Aug. 23, 2006: EY adopts proposed 2007 budget with NT$323.5 billion for defense.

Aug. 24, 2006: DPP has parliamentary exchange with Japan LDP.

Aug. 25, 2006: Departure ceremony for last two Kidd destroyers from Charleston.

Aug. 25, 2006: PRC protests ROC army commander visit to Japan.

Aug. 25, 2006: MAC announces formation of “Taiwan Strait Tourism & Travel Association.”

Aug. 26, 2006: Kyodo reports ROC army commander in Japan observing GSDF exercise.

Aug. 28, 2006: Beijing’s ARATS spokesman urges Taipei to approve Chen Yunlin’s visit.

Aug. 29, 2006: MND releases National Defense Report mentioning “Special Operations Missiles.”

Aug. 30, 2006: Defense News says U.S. recommending against approving F-16 sale to Taiwan.

Aug. 31, 2006: Beijing convicts Ching Cheong, Hong Kong-based Strait Times reporter, of spying for Taiwan.

Sept. 4, 2006: President Chen signs partnership agreement with six allies in Palau.

Sept. 4, 2006: AMCHAM visits Premier Su; urges easing cross-Strait restrictions.

Sept. 6, 2006: EY adopts act to rename CKS as “Taiwan Taoyuan International Airport.”

Sept. 6, 2006: MAC Chairman Wu in Washington, D.C. for consultations.

Sept 7, 2006: KMT and CCP announce agricultural conference being moved to Hainan.

Sept. 9, 2006: Tens of thousands of protesters gather in front of the Presidential Office for an open-ended sit-in campaign to oust President Chen.

Sept. 10, 2006: On Fuji TV, Chen calls for Japan-Taiwan military cooperation.

Sept. 11, 2006: TAO Minister Chen Yunlin in Washington, D.C. for consultations.

Sept. 11, 2006: U.S.-Taiwan Defense Industry Conference in Denver.

Sept. 12, 2006: DPP Chairman Yu Shyi-kun in Washington, D.C. for consultations.

Sept. 12, 2006: In Helsinki, Premier Wen Jiabao declines to comment on the news report; says Taiwan politics are for Taiwanese people to decide.

Sept. 12, 2006: UN decides not to consider Taiwan’s UN bid.
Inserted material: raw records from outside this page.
lemma rel_equiv_sym: "a \<cong> b \<Longrightarrow> b \<cong> a"
  using rel_span.scale[of "fsub a b" "-1"] by (simp add: rel_equiv_def fsub_def fscale_def)

lemma rel_equiv_trans [trans]: "a \<cong> b \<Longrightarrow> b \<cong> c \<Longrightarrow> a \<cong> c"
  using rel_span.add[of "fsub a b" "fsub b c"] by (simp add: rel_equiv_def fsub_def fadd_def)

lemma rel_equiv_fadd: "a \<cong> a' \<Longrightarrow> b \<cong> b' \<Longrightarrow> fadd a b \<cong> fadd a' b'"
  using rel_span.add[of "fsub a a'" "fsub b b'"]
  by (simp add: rel_equiv_def fsub_def fadd_def algebra_simps)

lemma rel_equiv_fsub: "a \<cong> a' \<Longrightarrow> b \<cong> b' \<Longrightarrow> fsub a b \<cong> fsub a' b'"
  using rel_span_fsub[of "fsub a a'" "fsub b b'"]
  by (simp add: rel_equiv_def fsub_def algebra_simps)

lemma rel_equiv_fsum: "finite A \<Longrightarrow> (\<And>x. x \<in> A \<Longrightarrow> f x \<cong> g x) \<Longrightarrow> fsum A f \<cong> fsum A g"
  by (simp add: rel_equiv_def fsub_fsum rel_span_fsum)

lemma rel_span_rel_equiv: "a \<cong> b \<Longrightarrow> b \<in> rel_span \<Longrightarrow> a \<in> rel_span"
  using rel_span.add[of "fsub a b" b] by (simp add: rel_equiv_def fsub_def fadd_def)

definition linear_mod_rels :: "(vfield \<Rightarrow> formal) \<Rightarrow> bool" where
  "linear_mod_rels T \<longleftrightarrow>
     (\<forall>X Y. vf_S2 X \<longrightarrow> vf_S2 Y \<longrightarrow> T (vadd X Y) \<cong> fadd (T X) (T Y)) \<and>
     (\<forall>c X. vf_S2 X \<longrightarrow> T (vscale c X) \<cong> fscale c (T X))"

lemma linear_mod_rels_slot1: "vf_S2 Y \<Longrightarrow> vf_S2 Z \<Longrightarrow> linear_mod_rels (\<lambda>X. delta (X, Y, Z))"
  by (simp add: linear_mod_rels_def rel_equiv_def rel_span.rel tensor_rels.add1 tensor_rels.scal1)

lemma linear_mod_rels_slot2: "vf_S2 X \<Longrightarrow> vf_S2 Z \<Longrightarrow> linear_mod_rels (\<lambda>Y. delta (X, Y, Z))"
  by (simp add: linear_mod_rels_def rel_equiv_def rel_span.rel tensor_rels.add2 tensor_rels.scal2)

lemma linear_mod_rels_slot3: "vf_S2 X \<Longrightarrow> vf_S2 Y \<Longrightarrow> linear_mod_rels (\<lambda>Z. delta (X, Y, Z))"
  by (simp add: linear_mod_rels_def rel_equiv_def rel_span.rel tensor_rels.add3 tensor_rels.scal3)

lemma vf_S2_zero: "vf_S2 (\<lambda>r. 0)"
  using vf_S2_on_S2[OF tangent_polynomial_field_zero] by (simp add: on_S2_zero)

lemma linear_mod_rels_zero:
  assumes "linear_mod_rels T"
  shows "T (\<lambda>r. 0) \<in> rel_span"
proof -
  have "T (vscale 0 (\<lambda>r. 0)) \<cong> fscale 0 (T (\<lambda>r. 0))"
    using assms vf_S2_zero by (simp add: linear_mod_rels_def)
  then show ?thesis
    using rel_span.zero by (simp add: vscale_def fscale_def rel_equiv_def fsub_def)
qed

lemma linear_mod_rels_on_S2_diff:
  assumes T: "linear_mod_rels T"
    and p: "tangent_polynomial_field p" and q: "tangent_polynomial_field q"
  shows "T (on_S2 (\<lambda>r. p r - q r)) \<cong> fsub (T (on_S2 p)) (T (on_S2 q))"
proof -
  have split: "on_S2 (\<lambda>r. p r - q r) = vadd (on_S2 p) (vscale (-1) (on_S2 q))"
    by (simp flip: on_S2_add on_S2_scaleR)
  have "tangent_polynomial_field (\<lambda>r. (-1) *\<^sub>R q r)"
    by (intro tangent_polynomial_field_scaleR real_polynomial_function.intros(2) q)
  from vf_S2_on_S2[OF this]
  have vf: "vf_S2 (on_S2 p)" "vf_S2 (on_S2 q)" "vf_S2 (vscale (-1) (on_S2 q))"
    using p q by (simp_all only: on_S2_scaleR vf_S2_on_S2)
  have "T (vadd (on_S2 p) (vscale (-1) (on_S2 q)))
      \<cong> fadd (T (on_S2 p)) (T (vscale (-1) (on_S2 q)))"
    using T vf by (simp add: linear_mod_rels_def)
  also have "\<dots> \<cong> fadd (T (on_S2 p)) (fscale (-1) (T (on_S2 q)))"
    using T vf by (simp add: linear_mod_rels_def rel_equiv_fadd)
  finally show ?thesis
    unfolding split by (simp add: fadd_def fscale_def fsub_def)
qed

lemma linear_mod_rels_on_S2_sum:
  assumes T: "linear_mod_rels T"
  shows "finite A \<Longrightarrow> (\<And>a. a \<in> A \<Longrightarrow> tangent_polynomial_field (w a)) \<Longrightarrow>
    T (on_S2 (\<lambda>r. \<Sum>a\<in>A. w a r)) \<cong> fsum A (\<lambda>a. T (on_S2 (w a)))"
proof (induction A rule: finite_induct)
  case empty
  then show ?case
    using linear_mod_rels_zero[OF T] by (simp add: on_S2_zero fsum_def rel_equiv_def fsub_def)
next
  case (insert x A)
  have split: "on_S2 (\<lambda>r. \<Sum>a\<in>insert x A. w a r) = vadd (on_S2 (w x)) (on_S2 (\<lambda>r. \<Sum>a\<in>A. w a r))"
    using insert.hyps by (simp flip: on_S2_add)
  have "T (vadd (on_S2 (w x)) (on_S2 (\<lambda>r. \<Sum>a\<in>A. w a r)))
      \<cong> fadd (T (on_S2 (w x))) (T (on_S2 (\<lambda>r. \<Sum>a\<in>A. w a r)))"
    using T insert.prems unfolding linear_mod_rels_def
    by (simp add: vf_S2_on_S2 tangent_polynomial_field_sum insert.hyps)
  also have "\<dots> \<cong> fadd (T (on_S2 (w x))) (fsum A (\<lambda>a. T (on_S2 (w a))))"
    using insert by (simp add: rel_equiv_fadd)
  finally show ?case
    by (simp only: split fsum_insert[OF insert.hyps])
qed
Sept. 14, 2006: First cross-Strait medical charter flight.

Sept. 15, 2006: Some 300,000 protesters call for President Chen’s resignation as they march in front of the president’s office and home.
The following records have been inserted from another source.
(* The approximation guarantee: covering multiplicity provides an optimal solution with an owner
   function for the greedy run, and all optimal solutions have the same weight. *)
theorem theorem4p1:
  fixes U :: "'a set" and R :: "'a set set" and k r :: nat and w :: "'a \<Rightarrow> real"
    and g opt :: "nat \<Rightarrow> 'a set"
  assumes "mc_instance U R k w"
    and "0 < r"
    and "covering_multiplicity R k w r"
    and "greedy_run R k w g"
    and "is_optimal R k w opt"
  shows "wt w (union_of k g) \<ge> (1 - (1 - 1 / real r) ^ r) * wt w (union_of k opt)"
proof -
  have U: "finite U" and sub: "\<forall>S\<in>R. S \<subseteq> U" and wnn: "\<forall>x\<in>U. 0 \<le> w x"
    using assms(1) unfolding mc_instance_def by auto
  have "is_choice R k g" using assms(4) unfolding greedy_run_def is_choice_def by auto
  then obtain ob where ob_opt: "is_optimal R k w ob" and "\<forall>i<k. \<exists>J. J \<subseteq> {..<k} \<and> card J \<le> r \<and>
      g i \<inter> union_of k ob \<subseteq> (\<Union>j\<in>J. ob j)"
    using assms(3) unfolding covering_multiplicity_def by blast
  then obtain J where J: "\<forall>i<k. J i \<subseteq> {..<k} \<and> card (J i) \<le> r \<and>
      g i \<inter> union_of k ob \<subseteq> (\<Union>j\<in>J i. ob j)" by metis
  then obtain own where own: "owner_map k g ob J own" using owner_exists[of k J g ob] by blast
  have "is_choice R k ob" using ob_opt unfolding is_optimal_def by simp
  moreover have "1 \<le> r" using assms(2) by simp
  moreover have "\<forall>i<k. J i \<subseteq> {..<k} \<and> card (J i) \<le> r" using J by blast
  ultimately have "(1 - (1 - 1 / real r) ^ r) * wt w (union_of k ob) \<le> wt w (union_of k g)"
    using greedy_vs_owned_solution[OF U wnn sub assms(4) _ _ _ own] by blast
  moreover have "wt w (union_of k ob) = wt w (union_of k opt)"
    using ob_opt assms(5) unfolding is_optimal_def by (meson antisym)
  ultimately show ?thesis by simp
qed

end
Sept. 18, 2006: KMT delegation led by Chiang Ping-kun meets TAO’s Zheng Lizhong.

Sept. 20, 2006: Foreign Minister Li Zhaoxing meets Costa Rican President Arias at UN.

Sept. 24, 2006: President Chen calls for reconsideration of territory defined in constitution.

Sept. 26, 2006: Jia Qinglin warns of danger from Chen’s promotion of independence under guise of constitutional reform.

Sept. 27, 2006: TAO’s Li Weiyi criticizes Chen for violating his “four noes.”

Sept. 28, 2006: President Chen declares that “Taiwan is Taiwan, China is China, and Taiwan and China are totally different countries,” drawing protests from Beijing and a reminder that Washington expects Chen to honor his previous commitments.

Sept. 28, 2006: U.S. State Department spokesman says abiding by his commitments will be a test of President Chen’s “leadership, dependability, and statesmanship.”

Sept. 29, 2006: Mid-Autumn festival cross-Strait charter flights begin.